**TRY IT**
For the listing below, show each line that includes the string "False".
*** Opening DATA FOR THIS TASK ***
(* With the notation of the context, let $\bm x_\alpha,\bm x_\beta$ be sample points and let $\bm y_0=\bm x_\alpha,\bm y_1,\dots,\bm y_m=\bm x_\beta$ be all the sample points lying on the closed segment $[\bm x_\alpha,\bm x_\beta]$, ordered along the segment, with associated affine functions $v_0,\dots,v_m$ (the local pieces of $u^*$ at these sample points). Assume that for every $r=0,\dots,m-1$, $$\big(v_r(\bm y_r)-v_{r+1}(\bm y_r)\big)\cdot\big(v_r(\bm y_{r+1})-v_{r+1}(\bm y_{r+1})\big)\le 0$$ (this is the termination condition of the bisection procedure that repeatedly inserts midpoints between consecutive sample points on the segment whenever the two signs agree). Then for all sample points $\bm x_i,\bm x_k$ lying on $[\bm x_\alpha,\bm x_\beta]$, $$\min_{j\in J_{\geq,i}}u_j(\bm x_k)\le u_k(\bm x_k)\qquad\text{and}\qquad \max_{j\in J_{\leq,i}}u_j(\bm x_k)\ge u_k(\bm x_k).$$
   Context: Let $\Omega\subseteq\mathbb{R}^{n_x}$ be a convex polyhedron and $u^*:\Omega\to\mathbb{R}$ a continuous piecewise affine (PWA) function: $\Omega$ is the union of finitely many closed convex polyhedra (local regions) with pairwise disjoint interiors, and on each local region $u^*$ coincides with an affine function (its local piece). Sample points $\bm x_1,\dots,\bm x_{N_s}\in\Omega$ are given, each lying in the interior of a unique order (UO) region $\Gamma(\bm x_i)$ (a closed polyhedron inside a local region on whose interior the order of all distinct local pieces of $u^*$ is constant; equivalently, no two distinct local pieces of $u^*$ take equal values at $\bm x_i$), and $u_i$ denotes the local piece of $u^*$ on $\Gamma(\bm x_i)$, so $u_i(\bm x_i)=u^*(\bm x_i)$. Define $J_{\geq,i}=\{j\in\{1,\dots,N_s\}: u_j(\bm x_i)\ge u_i(\bm x_i)\}$ and $J_{\leq,i}=\{j\in\{1,\dots,N_s\}: u_j(\bm x_i)\le u_i(\bm x_i)\}$. *)

theory Defs
  imports "HOL-Analysis.Analysis"
begin

definition affine_fun :: "('a::euclidean_space \<Rightarrow> real) \<Rightarrow> bool" where
  "affine_fun f \<longleftrightarrow> (\<exists>c d. \<forall>x. f x = inner c x + d)"

definition is_cont_pwa ::
  "'a::euclidean_space set \<Rightarrow> ('a \<Rightarrow> real) \<Rightarrow> nat \<Rightarrow> (nat \<Rightarrow> 'a set) \<Rightarrow> (nat \<Rightarrow> 'a \<Rightarrow> real) \<Rightarrow> bool" where
  "is_cont_pwa \<Omega> u L R p \<longleftrightarrow>
     continuous_on \<Omega> u \<and>
     \<Omega> = (\<Union>l<L. R l) \<and>
     (\<forall>l<L. polyhedron (R l) \<and> convex (R l) \<and> closed (R l) \<and> affine_fun (p l) \<and>
            (\<forall>x\<in>R l. u x = p l x)) \<and>
     (\<forall>l1<L. \<forall>l2<L. l1 \<noteq> l2 \<longrightarrow> interior (R l1) \<inter> interior (R l2) = {})"

definition uo_region ::
  "'a::euclidean_space set \<Rightarrow> nat \<Rightarrow> (nat \<Rightarrow> 'a set) \<Rightarrow> (nat \<Rightarrow> 'a \<Rightarrow> real) \<Rightarrow> bool" where
  "uo_region \<Gamma> L R p \<longleftrightarrow>
     closed \<Gamma> \<and> polyhedron \<Gamma> \<and> (\<exists>l<L. \<Gamma> \<subseteq> R l) \<and>
     (\<forall>y\<in>interior \<Gamma>. \<forall>z\<in>interior \<Gamma>. \<forall>l1<L. \<forall>l2<L.
        (p l1 y \<le> p l2 y \<longleftrightarrow> p l1 z \<le> p l2 z))"

definition J_ge :: "nat \<Rightarrow> (nat \<Rightarrow> 'a) \<Rightarrow> (nat \<Rightarrow> 'a \<Rightarrow> real) \<Rightarrow> nat \<Rightarrow> nat set" where
  "J_ge Ns x uu i = {j \<in> {1..Ns}. uu j (x i) \<ge> uu i (x i)}"

definition J_le :: "nat \<Rightarrow> (nat \<Rightarrow> 'a) \<Rightarrow> (nat \<Rightarrow> 'a \<Rightarrow> real) \<Rightarrow> nat \<Rightarrow> nat set" where
  "J_le Ns x uu i = {j \<in> {1..Ns}. uu j (x i) \<le> uu i (x i)}"

end

theory Submission
  imports Defs
begin

text \<open>Along the segment, parametrized by a real s, the sampled pieces become affine functions
  g_0, ..., g_m of s at ordered nodes t_0 <= ... <= t_m, and the termination condition says that
  g_r and g_(r+1) cross somewhere in [t_r, t_(r+1)]. For nodes a <= b, either g_a already lies
  below g_b at t_b, or we recurse from the crossing point c of g_a and g_(a+1): the piece g_j found
  there lies above g_a at c but below it at t_b, so, both being affine, g_j stays above g_a
  everywhere left of c, in particular at t_a. The case a > b and the bound for the maximum follow
  by negating all pieces.\<close>

lemma affine_fun_real_iff:
  "affine_fun (f :: real \<Rightarrow> real) \<longleftrightarrow> (\<exists>A B. \<forall>s. f s = A * s + B)"
  by (simp add: affine_fun_def)

lemma affine_fun_diff:
  assumes "affine_fun f" "affine_fun g"
  shows "affine_fun (\<lambda>z. f z - g z)"
proof -
  obtain c d c' d' where "\<forall>z. f z = inner c z + d" "\<forall>z. g z = inner c' z + d'"
    using assms unfolding affine_fun_def by blast
  then have "\<forall>z. f z - g z = inner (c - c') z + (d - d')"
    by (simp add: inner_diff_left)
  then show ?thesis
    unfolding affine_fun_def by blast
qed

lemma affine_fun_uminus:
  assumes "affine_fun f"
  shows "affine_fun (\<lambda>z. - f z)"
proof -
  obtain c d where "\<forall>z. f z = inner c z + d"
    using assms unfolding affine_fun_def by blast
  then have "\<forall>z. - f z = inner (- c) z + (- d)"
    by simp
  then show ?thesis
    unfolding affine_fun_def by blast
qed

lemma affine_fun_along_line:
  assumes "affine_fun f"
  shows "affine_fun (\<lambda>s::real. f (P + s *\<^sub>R v))"
proof -
  obtain c d where "\<forall>z. f z = inner c z + d"
    using assms unfolding affine_fun_def by blast
  then have "\<forall>s. f (P + s *\<^sub>R v) = inner c v * s + (inner c P + d)"
    by (simp add: inner_add_right algebra_simps)
  then show ?thesis
    unfolding affine_fun_real_iff by blast
qed

lemma affine_fun_real_zero_between:
  fixes f :: "real \<Rightarrow> real"
  assumes "affine_fun f" "f a * f b \<le> 0" "a \<le> b"
  shows "\<exists>c. a \<le> c \<and> c \<le> b \<and> f c = 0"
proof -
  obtain A B where f: "\<And>s. f s = A * s + B"
    using assms(1) unfolding affine_fun_real_iff by blast
  have cont: "continuous_on {a..b} f"
    unfolding f by (intro continuous_intros)
  consider "f a \<le> 0" "0 \<le> f b" | "0 \<le> f a" "f b \<le> 0"
    using assms(2) by (auto simp: mult_le_0_iff)
  then show ?thesis
  proof cases
    case 1
    then show ?thesis using IVT'[OF _ _ assms(3) cont] by auto
  next
    case 2
    then show ?thesis using IVT2'[OF _ _ assms(3) cont] by auto
  qed
qed

lemma affine_fun_real_nonneg_left:
  fixes h :: "real \<Rightarrow> real"
  assumes "affine_fun h" "0 \<le> h c" "h d < 0" "c \<le> d" "s \<le> c"
  shows "0 \<le> h s"
proof -
  obtain A B where h: "\<And>s. h s = A * s + B"
    using assms(1) unfolding affine_fun_real_iff by blast
  have "A * (d - c) < 0"
    using assms(2,3) unfolding h by (simp add: algebra_simps)
  then have "A < 0"
    using assms(4) by (simp add: mult_less_0_iff)
  then have "0 \<le> A * (s - c)"
    using assms(5) by (simp add: mult_nonpos_nonpos)
  then show ?thesis
    using assms(2) unfolding h by (simp add: algebra_simps)
qed

definition crossing_chain :: "nat \<Rightarrow> (nat \<Rightarrow> real) \<Rightarrow> (nat \<Rightarrow> real \<Rightarrow> real) \<Rightarrow> bool" where
  "crossing_chain m t g \<longleftrightarrow>
     (\<forall>r\<le>m. affine_fun (g r)) \<and> (\<forall>r<m. t r \<le> t (Suc r)) \<and>
     (\<forall>r<m. (g r (t r) - g (Suc r) (t r)) * (g r (t (Suc r)) - g (Suc r) (t (Suc r))) \<le> 0)"

lemma crossing_chain_uminus:
  assumes "crossing_chain m t g"
  shows "crossing_chain m t (\<lambda>r s. - g r s)"
  using assms unfolding crossing_chain_def by (auto simp: affine_fun_uminus algebra_simps)

lemma crossing_chain_crossing_point:
  assumes "crossing_chain m t g" "r < m"
  shows "\<exists>c. t r \<le> c \<and> c \<le> t (Suc r) \<and> g r c = g (Suc r) c"
proof -
  have "affine_fun (\<lambda>s. g r s - g (Suc r) s)"
    using assms by (simp add: crossing_chain_def affine_fun_diff)
  then show ?thesis
    using affine_fun_real_zero_between[of "\<lambda>s. g r s - g (Suc r) s" "t r" "t (Suc r)"] assms
    unfolding crossing_chain_def by auto
qed

lemma crossing_chain_nodes_mono:
  assumes "crossing_chain m t g" "a \<le> b" "b \<le> m"
  shows "t a \<le> t b"
proof (rule lift_Suc_mono_le_ivl[of "{..<m}"])
  show "t r \<le> t (Suc r)" if "r \<in> {..<m}" for r
    using assms(1) that unfolding crossing_chain_def by simp
qed (use assms(2,3) in auto)

lemma crossing_chain_below_right:
  assumes chain: "crossing_chain m t g" and "b \<le> m"
  shows "a \<le> b \<Longrightarrow> s \<le> t a \<Longrightarrow> \<exists>j\<le>m. g a s \<le> g j s \<and> g j (t b) \<le> g b (t b)"
proof (induction "b - a" arbitrary: a s)
  case 0
  then have "a = b" by simp
  then show ?case using \<open>b \<le> m\<close> by (intro exI[of _ b]) simp
next
  case (Suc d)
  show ?case
  proof (cases "g a (t b) \<le> g b (t b)")
    case True
    then show ?thesis using Suc.prems \<open>b \<le> m\<close> by (intro exI[of _ a]) simp
  next
    case above: False
    have "a < b" "d = b - Suc a" using Suc.hyps(2) by simp_all
    then have "a < m" using \<open>b \<le> m\<close> by simp
    then obtain c where c: "t a \<le> c" "c \<le> t (Suc a)" "g a c = g (Suc a) c"
      using crossing_chain_crossing_point[OF chain] by blast
    obtain j where j: "j \<le> m" "g (Suc a) c \<le> g j c" "g j (t b) \<le> g b (t b)"
      using Suc.hyps(1)[OF \<open>d = b - Suc a\<close>] \<open>a < b\<close> c(2) by auto
    have "t (Suc a) \<le> t b"
      using crossing_chain_nodes_mono[OF chain _ \<open>b \<le> m\<close>] \<open>a < b\<close> by simp
    moreover have "affine_fun (\<lambda>z. g j z - g a z)"
      using chain j(1) \<open>a < m\<close> by (simp add: crossing_chain_def affine_fun_diff)
    ultimately have "0 \<le> g j s - g a s"
      using affine_fun_real_nonneg_left[of "\<lambda>z. g j z - g a z" c "t b" s] c j above Suc.prems
      by auto
    then show ?thesis using j by auto
  qed
qed

lemma crossing_chain_below:
  assumes chain: "crossing_chain m t g" and "a \<le> m" "b \<le> m"
  shows "\<exists>j\<le>m. g a (t a) \<le> g j (t a) \<and> g j (t b) \<le> g b (t b)"
proof (cases "a \<le> b")
  case True
  then show ?thesis using crossing_chain_below_right[OF chain \<open>b \<le> m\<close>] by blast
next
  case False
  then show ?thesis
    using crossing_chain_below_right[OF crossing_chain_uminus[OF chain] \<open>a \<le> m\<close>, of b "t b"]
    by auto
qed

lemma closed_segment_param_by_dist:
  assumes "z \<in> closed_segment P Q"
  shows "z = P + (dist P z / norm (Q - P)) *\<^sub>R (Q - P)"
proof -
  obtain u where u: "0 \<le> u" "z = P + u *\<^sub>R (Q - P)"
    using assms unfolding closed_segment_def by (auto simp: algebra_simps)
  show ?thesis
  proof (cases "Q = P")
    case False
    then show ?thesis using u by (simp add: dist_norm)
  qed (use u in simp)
qed

lemma affine_pieces_on_segment_below:
  fixes f :: "nat \<Rightarrow> 'a::euclidean_space \<Rightarrow> real" and z :: "nat \<Rightarrow> 'a"
  assumes affine: "\<And>r. r \<le> m \<Longrightarrow> affine_fun (f r)"
    and on_segment: "\<And>r. r \<le> m \<Longrightarrow> z r \<in> closed_segment P Q"
    and ordered: "\<forall>r<m. dist P (z r) \<le> dist P (z (Suc r))"
    and crossing: "\<forall>r<m. (f r (z r) - f (Suc r) (z r)) * (f r (z (Suc r)) - f (Suc r) (z (Suc r))) \<le> 0"
    and "a \<le> m" "b \<le> m"
  shows "\<exists>j\<le>m. f a (z a) \<le> f j (z a) \<and> f j (z b) \<le> f b (z b)"
proof -
  define t where "t r = dist P (z r) / norm (Q - P)" for r
  define g where "g r s = f r (P + s *\<^sub>R (Q - P))" for r s
  have g_t: "g r (t q) = f r (z q)" if "q \<le> m" for r q
    using closed_segment_param_by_dist[OF on_segment[OF that]] unfolding g_def t_def by simp
  have "affine_fun (g r)" if "r \<le> m" for r
    unfolding g_def using affine_fun_along_line[OF affine[OF that]] .
  moreover have "t r \<le> t (Suc r)" if "r < m" for r
    using ordered that unfolding t_def by (simp add: divide_right_mono)
  moreover have "(g r (t r) - g (Suc r) (t r)) * (g r (t (Suc r)) - g (Suc r) (t (Suc r))) \<le> 0"
    if "r < m" for r
    using crossing that by (simp add: g_t)
  ultimately have "crossing_chain m t g"
    unfolding crossing_chain_def by blast
  then show ?thesis
    using crossing_chain_below[of m t g a b] \<open>a \<le> m\<close> \<open>b \<le> m\<close> by (simp add: g_t)
qed

theorem mainTheorem4:
  fixes \<Omega> :: "'a::euclidean_space set"
    and ustar :: "'a \<Rightarrow> real"
    and L :: nat and R :: "nat \<Rightarrow> 'a set" and p :: "nat \<Rightarrow> 'a \<Rightarrow> real"
    and Ns :: nat and x :: "nat \<Rightarrow> 'a" and uu :: "nat \<Rightarrow> 'a \<Rightarrow> real"
    and \<alpha> \<beta> m :: nat and y :: "nat \<Rightarrow> nat"
  assumes \<Omega>_poly: "convex \<Omega>" "polyhedron \<Omega>"
    and pwa: "is_cont_pwa \<Omega> ustar L R p"
    and samples: "\<forall>i\<in>{1..Ns}. x i \<in> \<Omega> \<and>
        (\<exists>\<Gamma> l. l < L \<and> uo_region \<Gamma> L R p \<and> \<Gamma> \<subseteq> R l \<and> x i \<in> interior \<Gamma> \<and> uu i = p l)"
    and ab: "\<alpha> \<in> {1..Ns}" "\<beta> \<in> {1..Ns}"
    and y_enum: "bij_betw y {0..m} {i \<in> {1..Ns}. x i \<in> closed_segment (x \<alpha>) (x \<beta>)}"
    and y_ends: "y 0 = \<alpha>" "y m = \<beta>"
    and y_ord: "\<forall>r<m. dist (x \<alpha>) (x (y r)) \<le> dist (x \<alpha>) (x (y (Suc r)))"
    and term_cond: "\<forall>r<m.
        (uu (y r) (x (y r)) - uu (y (Suc r)) (x (y r))) *
        (uu (y r) (x (y (Suc r))) - uu (y (Suc r)) (x (y (Suc r)))) \<le> 0"
  shows "\<forall>i\<in>{1..Ns}. \<forall>k\<in>{1..Ns}.
           x i \<in> closed_segment (x \<alpha>) (x \<beta>) \<and> x k \<in> closed_segment (x \<alpha>) (x \<beta>) \<longrightarrow>
           Min ((\<lambda>j. uu j (x k)) ` J_ge Ns x uu i) \<le> uu k (x k) \<and>
           Max ((\<lambda>j. uu j (x k)) ` J_le Ns x uu i) \<ge> uu k (x k)"
proof (intro ballI impI)
  fix i k assume "i \<in> {1..Ns}" "k \<in> {1..Ns}"
    and "x i \<in> closed_segment (x \<alpha>) (x \<beta>) \<and> x k \<in> closed_segment (x \<alpha>) (x \<beta>)"
  then have "i \<in> y ` {0..m}" "k \<in> y ` {0..m}"
    using bij_betw_imp_surj_on[OF y_enum] by auto
  then obtain a b where a: "a \<le> m" "i = y a" and b: "b \<le> m" "k = y b"
    by auto
  have y_in: "y r \<in> {1..Ns}" "x (y r) \<in> closed_segment (x \<alpha>) (x \<beta>)" if "r \<le> m" for r
    using bij_betw_apply[OF y_enum] that by auto
  have affine: "affine_fun (uu (y r))" if "r \<le> m" for r
    using samples pwa y_in(1)[OF that] unfolding is_cont_pwa_def by fastforce
  obtain j1 where j1: "j1 \<le> m" "uu i (x i) \<le> uu (y j1) (x i)" "uu (y j1) (x k) \<le> uu k (x k)"
    using affine_pieces_on_segment_below[OF affine y_in(2) y_ord term_cond a(1) b(1)] a b by blast
  obtain j2 where j2: "j2 \<le> m" "uu (y j2) (x i) \<le> uu i (x i)" "uu k (x k) \<le> uu (y j2) (x k)"
    using affine_pieces_on_segment_below[of m "\<lambda>r z. - uu (y r) z", OF affine_fun_uminus[OF affine]
        y_in(2) y_ord _ a(1) b(1)] term_cond a b
    by (auto simp: algebra_simps)
  have "y j1 \<in> J_ge Ns x uu i" "y j2 \<in> J_le Ns x uu i"
    using j1 j2 y_in(1) unfolding J_ge_def J_le_def by auto
  moreover have "finite (J_ge Ns x uu i)" "finite (J_le Ns x uu i)"
    unfolding J_ge_def J_le_def by simp_all
  ultimately show "Min ((\<lambda>j. uu j (x k)) ` J_ge Ns x uu i) \<le> uu k (x k) \<and>
      Max ((\<lambda>j. uu j (x k)) ` J_le Ns x uu i) \<ge> uu k (x k)"
    using j1(3) j2(3) by (meson Min_le Max_ge finite_imageI image_eqI order.trans)
qed

end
*** Closing DATA FOR THIS TASK ***
**EXPECTED OUTPUT**
    case above: False
  case False
    case False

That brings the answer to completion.